_Task to carry out_
Where the string "also" shows up in a line of the records, copy that line.

Saved data entries:
+--

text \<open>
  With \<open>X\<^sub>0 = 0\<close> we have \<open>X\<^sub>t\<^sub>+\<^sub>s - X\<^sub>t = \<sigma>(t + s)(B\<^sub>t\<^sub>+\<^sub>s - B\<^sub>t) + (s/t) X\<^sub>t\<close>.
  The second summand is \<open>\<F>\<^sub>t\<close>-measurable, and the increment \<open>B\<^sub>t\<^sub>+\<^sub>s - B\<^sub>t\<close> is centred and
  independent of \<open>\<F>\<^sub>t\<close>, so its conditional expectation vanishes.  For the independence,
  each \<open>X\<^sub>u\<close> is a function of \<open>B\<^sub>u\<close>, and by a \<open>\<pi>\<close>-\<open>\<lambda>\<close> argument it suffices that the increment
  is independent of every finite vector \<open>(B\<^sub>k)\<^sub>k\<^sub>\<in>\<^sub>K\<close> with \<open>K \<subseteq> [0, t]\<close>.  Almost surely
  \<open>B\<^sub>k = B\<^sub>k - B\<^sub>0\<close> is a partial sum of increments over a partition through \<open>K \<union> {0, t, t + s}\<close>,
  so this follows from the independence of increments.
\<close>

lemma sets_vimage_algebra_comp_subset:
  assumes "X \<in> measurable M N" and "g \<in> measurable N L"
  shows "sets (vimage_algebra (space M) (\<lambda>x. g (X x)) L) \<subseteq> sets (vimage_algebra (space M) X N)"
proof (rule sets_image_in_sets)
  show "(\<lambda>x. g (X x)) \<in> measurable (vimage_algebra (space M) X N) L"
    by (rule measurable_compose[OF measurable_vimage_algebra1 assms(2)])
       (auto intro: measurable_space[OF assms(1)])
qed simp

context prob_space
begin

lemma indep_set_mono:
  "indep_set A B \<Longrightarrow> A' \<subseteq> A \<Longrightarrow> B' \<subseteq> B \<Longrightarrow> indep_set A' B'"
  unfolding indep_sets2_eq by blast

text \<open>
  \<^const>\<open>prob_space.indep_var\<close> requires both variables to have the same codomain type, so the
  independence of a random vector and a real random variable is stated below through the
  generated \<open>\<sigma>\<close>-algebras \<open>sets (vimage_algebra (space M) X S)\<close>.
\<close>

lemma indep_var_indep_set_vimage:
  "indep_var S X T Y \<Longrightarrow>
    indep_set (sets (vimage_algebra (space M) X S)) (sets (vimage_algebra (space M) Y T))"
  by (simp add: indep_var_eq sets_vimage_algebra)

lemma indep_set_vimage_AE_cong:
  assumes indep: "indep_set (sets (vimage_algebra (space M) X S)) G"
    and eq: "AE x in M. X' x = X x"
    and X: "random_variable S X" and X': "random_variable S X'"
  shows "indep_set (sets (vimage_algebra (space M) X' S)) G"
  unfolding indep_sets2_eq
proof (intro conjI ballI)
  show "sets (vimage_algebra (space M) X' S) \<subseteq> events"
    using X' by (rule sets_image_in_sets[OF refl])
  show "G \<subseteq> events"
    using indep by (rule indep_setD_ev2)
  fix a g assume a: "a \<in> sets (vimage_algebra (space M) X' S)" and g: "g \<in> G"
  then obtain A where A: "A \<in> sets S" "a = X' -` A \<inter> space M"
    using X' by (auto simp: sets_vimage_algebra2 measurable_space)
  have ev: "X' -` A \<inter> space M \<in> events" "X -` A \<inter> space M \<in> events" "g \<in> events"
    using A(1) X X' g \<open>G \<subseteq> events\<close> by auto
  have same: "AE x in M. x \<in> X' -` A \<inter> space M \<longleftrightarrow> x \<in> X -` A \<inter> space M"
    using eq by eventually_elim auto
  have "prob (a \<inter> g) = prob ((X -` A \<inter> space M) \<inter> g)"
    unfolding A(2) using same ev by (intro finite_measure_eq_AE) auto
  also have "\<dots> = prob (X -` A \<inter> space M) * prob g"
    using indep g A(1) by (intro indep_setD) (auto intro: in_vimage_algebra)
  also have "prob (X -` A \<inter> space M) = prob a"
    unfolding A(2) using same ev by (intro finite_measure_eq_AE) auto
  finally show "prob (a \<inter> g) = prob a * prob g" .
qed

+--

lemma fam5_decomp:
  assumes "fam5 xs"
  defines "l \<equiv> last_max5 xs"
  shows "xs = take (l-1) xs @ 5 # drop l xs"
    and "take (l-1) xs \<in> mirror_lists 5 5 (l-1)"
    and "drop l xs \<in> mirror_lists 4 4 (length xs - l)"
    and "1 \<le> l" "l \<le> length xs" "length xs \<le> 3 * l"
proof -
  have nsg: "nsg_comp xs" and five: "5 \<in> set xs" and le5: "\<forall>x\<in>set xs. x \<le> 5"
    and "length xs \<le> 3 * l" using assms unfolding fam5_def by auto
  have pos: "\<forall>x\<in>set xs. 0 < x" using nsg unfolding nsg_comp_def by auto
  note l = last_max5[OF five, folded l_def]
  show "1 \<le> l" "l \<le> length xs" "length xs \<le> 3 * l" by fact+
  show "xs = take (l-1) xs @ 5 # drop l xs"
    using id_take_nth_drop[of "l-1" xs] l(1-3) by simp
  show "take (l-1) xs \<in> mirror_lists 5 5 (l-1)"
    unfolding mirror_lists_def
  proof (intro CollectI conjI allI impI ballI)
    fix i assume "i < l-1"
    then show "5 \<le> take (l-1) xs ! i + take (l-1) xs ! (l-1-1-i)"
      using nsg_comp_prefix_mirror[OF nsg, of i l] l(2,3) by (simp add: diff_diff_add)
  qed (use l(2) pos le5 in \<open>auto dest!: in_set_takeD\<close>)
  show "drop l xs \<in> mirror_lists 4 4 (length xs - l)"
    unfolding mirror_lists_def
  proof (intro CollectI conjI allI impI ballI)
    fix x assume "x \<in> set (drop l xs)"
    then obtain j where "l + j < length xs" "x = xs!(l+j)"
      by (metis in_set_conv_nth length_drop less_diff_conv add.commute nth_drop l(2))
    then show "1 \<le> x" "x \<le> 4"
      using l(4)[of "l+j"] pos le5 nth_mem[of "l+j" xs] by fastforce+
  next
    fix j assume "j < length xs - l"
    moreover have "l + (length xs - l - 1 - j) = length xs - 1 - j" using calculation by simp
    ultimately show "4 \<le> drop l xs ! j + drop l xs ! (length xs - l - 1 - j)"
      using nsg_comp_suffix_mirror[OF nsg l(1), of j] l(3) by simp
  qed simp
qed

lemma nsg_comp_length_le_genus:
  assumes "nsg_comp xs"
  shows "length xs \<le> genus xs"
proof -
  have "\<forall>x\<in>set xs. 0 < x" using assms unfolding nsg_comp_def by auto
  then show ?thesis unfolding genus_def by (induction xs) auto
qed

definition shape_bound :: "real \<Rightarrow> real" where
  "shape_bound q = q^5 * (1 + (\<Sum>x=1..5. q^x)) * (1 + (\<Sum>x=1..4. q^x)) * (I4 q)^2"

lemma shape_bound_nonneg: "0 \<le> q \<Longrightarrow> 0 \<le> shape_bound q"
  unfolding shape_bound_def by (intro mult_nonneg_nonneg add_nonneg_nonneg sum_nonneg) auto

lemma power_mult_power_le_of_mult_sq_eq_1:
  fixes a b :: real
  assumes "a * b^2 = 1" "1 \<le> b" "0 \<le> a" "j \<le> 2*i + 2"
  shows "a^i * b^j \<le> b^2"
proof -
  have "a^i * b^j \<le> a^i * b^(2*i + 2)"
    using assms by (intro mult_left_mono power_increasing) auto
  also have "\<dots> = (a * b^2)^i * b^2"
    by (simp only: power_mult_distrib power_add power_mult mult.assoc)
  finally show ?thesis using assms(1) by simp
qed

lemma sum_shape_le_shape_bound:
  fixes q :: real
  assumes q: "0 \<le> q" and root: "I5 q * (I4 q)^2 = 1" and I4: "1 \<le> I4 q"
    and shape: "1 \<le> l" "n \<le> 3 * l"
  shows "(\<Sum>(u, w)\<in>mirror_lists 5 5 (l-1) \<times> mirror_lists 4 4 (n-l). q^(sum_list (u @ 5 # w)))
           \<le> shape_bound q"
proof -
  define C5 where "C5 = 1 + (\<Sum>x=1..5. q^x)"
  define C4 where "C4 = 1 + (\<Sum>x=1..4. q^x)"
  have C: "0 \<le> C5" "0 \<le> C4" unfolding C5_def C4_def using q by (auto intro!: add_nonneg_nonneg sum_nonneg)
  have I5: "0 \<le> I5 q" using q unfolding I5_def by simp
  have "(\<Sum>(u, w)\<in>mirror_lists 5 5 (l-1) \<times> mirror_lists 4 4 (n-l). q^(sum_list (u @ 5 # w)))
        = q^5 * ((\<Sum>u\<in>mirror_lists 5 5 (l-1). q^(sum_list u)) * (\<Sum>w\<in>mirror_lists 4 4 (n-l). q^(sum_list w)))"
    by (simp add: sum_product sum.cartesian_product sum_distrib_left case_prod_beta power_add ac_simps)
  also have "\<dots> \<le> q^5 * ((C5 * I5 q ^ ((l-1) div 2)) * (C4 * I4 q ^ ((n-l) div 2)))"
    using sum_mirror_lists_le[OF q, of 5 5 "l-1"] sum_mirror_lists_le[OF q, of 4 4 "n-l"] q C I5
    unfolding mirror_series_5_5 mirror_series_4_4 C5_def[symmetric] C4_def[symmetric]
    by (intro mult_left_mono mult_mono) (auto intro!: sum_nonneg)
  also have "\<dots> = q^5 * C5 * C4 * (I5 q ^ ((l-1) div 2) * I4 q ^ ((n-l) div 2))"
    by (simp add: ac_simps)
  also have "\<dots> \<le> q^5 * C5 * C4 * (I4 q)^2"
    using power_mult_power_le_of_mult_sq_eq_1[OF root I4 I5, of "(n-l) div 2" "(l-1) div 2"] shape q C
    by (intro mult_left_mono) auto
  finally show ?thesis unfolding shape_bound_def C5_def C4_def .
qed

+--

_Answer section_
  also have "\<dots> = prob (X -` A \<inter> space M) * prob g"
  also have "prob (X -` A \<inter> space M) = prob a"
  also have "\<dots> = (a * b^2)^i * b^2"
  also have "\<dots> \<le> q^5 * ((C5 * I5 q ^ ((l-1) div 2)) * (C4 * I4 q ^ ((n-l) div 2)))"
  also have "\<dots> = q^5 * C5 * C4 * (I5 q ^ ((l-1) div 2) * I4 q ^ ((n-l) div 2))"
  also have "\<dots> \<le> q^5 * C5 * C4 * (I4 q)^2"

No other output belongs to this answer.